Figure 2

Gradual establishment of efficient D-xylose utilization during the mutagenesis and multiple evolutionary engineering steps. (a) CO₂ production as measured by weight loss in sequential semi-anaerobic batch fermentations in YP + 40 g/L xylose at 35°C. After EMS mutagenesis and one step of genome shuffling, the culture was submitted to 11 serial transfers, in which each time part of the culture after the batch fermentation was used to start a new fermentation. The CO₂ production profile of the first 9 serial batch fermentations is shown.

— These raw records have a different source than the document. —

text \<open>The Chernoff parameter l = 4 \<epsilon> / (n B^2) turns the exponent into -4 L.\<close>

lemma chernoff_parameter_exists:
  fixes B L \<epsilon> :: real and n :: nat
  assumes "0 < B" "0 < n" "0 \<le> L" and \<epsilon>: "\<epsilon> = sqrt (2 * B\<^sup>2 * n * L)"
  obtains l where "0 \<le> l" "exp (- l * \<epsilon>) * exp (l\<^sup>2 * B\<^sup>2 / 8) ^ n \<le> exp (- L)"
proof
  define l where "l = 4 * \<epsilon> / (n * B\<^sup>2)"
  have "0 \<le> \<epsilon>" "\<epsilon>\<^sup>2 = 2 * B\<^sup>2 * n * L" using assms by simp_all
  then show "0 \<le> l" by (simp add: l_def)
  have "exp (- l * \<epsilon>) * exp (l\<^sup>2 * B\<^sup>2 / 8) ^ n = exp (- l * \<epsilon> + n * (l\<^sup>2 * B\<^sup>2 / 8))"
    by (simp only: exp_of_nat_mult[symmetric] exp_add[symmetric])
  also have "- l * \<epsilon> + n * (l\<^sup>2 * B\<^sup>2 / 8) = - 2 * \<epsilon>\<^sup>2 / (n * B\<^sup>2)"
    using assms by (simp add: l_def power2_eq_square field_simps)
  also have "\<dots> = - 4 * L" using \<open>\<epsilon>\<^sup>2 = _\<close> assms by (simp add: field_simps)
  finally show "exp (- l * \<epsilon>) * exp (l\<^sup>2 * B\<^sup>2 / 8) ^ n \<le> exp (- L)"
    using \<open>0 \<le> L\<close> by simp
qed

lemma le_Max_SUP:
  fixes f :: "'a \<Rightarrow> 'b \<Rightarrow> real"
  assumes "finite A" "x \<in> A" "y \<in> I" and bounded: "\<And>y. y \<in> I \<Longrightarrow> f x y \<le> C"
  shows "f x y \<le> Max ((\<lambda>x. SUP y\<in>I. f x y) ` A)"
proof -
  have "f x y \<le> (SUP y\<in>I. f x y)"
    using assms(3) bounded by (intro cSUP_upper bdd_aboveI2) auto
  also have "\<dots> \<le> Max ((\<lambda>x. SUP y\<in>I. f x y) ` A)"
    using assms(1,2) by (intro Max_ge) auto
  finally show ?thesis .
qed

lemma prod_prefixes_snoc:
  "(\<Prod>k<length (xs @ [x]). f (take k (xs @ [x])) ((xs @ [x]) ! k))
     = (\<Prod>k<length xs. f (take k xs) (xs ! k)) * f xs x"
  by (simp add: prod.lessThan_Suc nth_append)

The concentration of xylose was increased to 50 g/L and 60 g/L in the 8th and 9th batch fermentation, respectively. (GS1 stands for the first step of genome shuffling, and the next number indicates the step in the serial transfer.) (b) Volumetric CO₂ production in semi-anaerobic batch fermentation in YP + 40 g/L xylose at 35°C by single cell isolates obtained from the 2nd (GS1.2), 4th (GS1.4), 7th (GS1.7) and 11th (GS1.11) serial batch fermentation during the evolutionary adaptation process. The horizontal bar represents the mean with the standard deviation. The parent strain, HDY.GUF5, and a previously constructed industrial D-xylose utilizing stain, TMB3400, [37] are shown for comparison.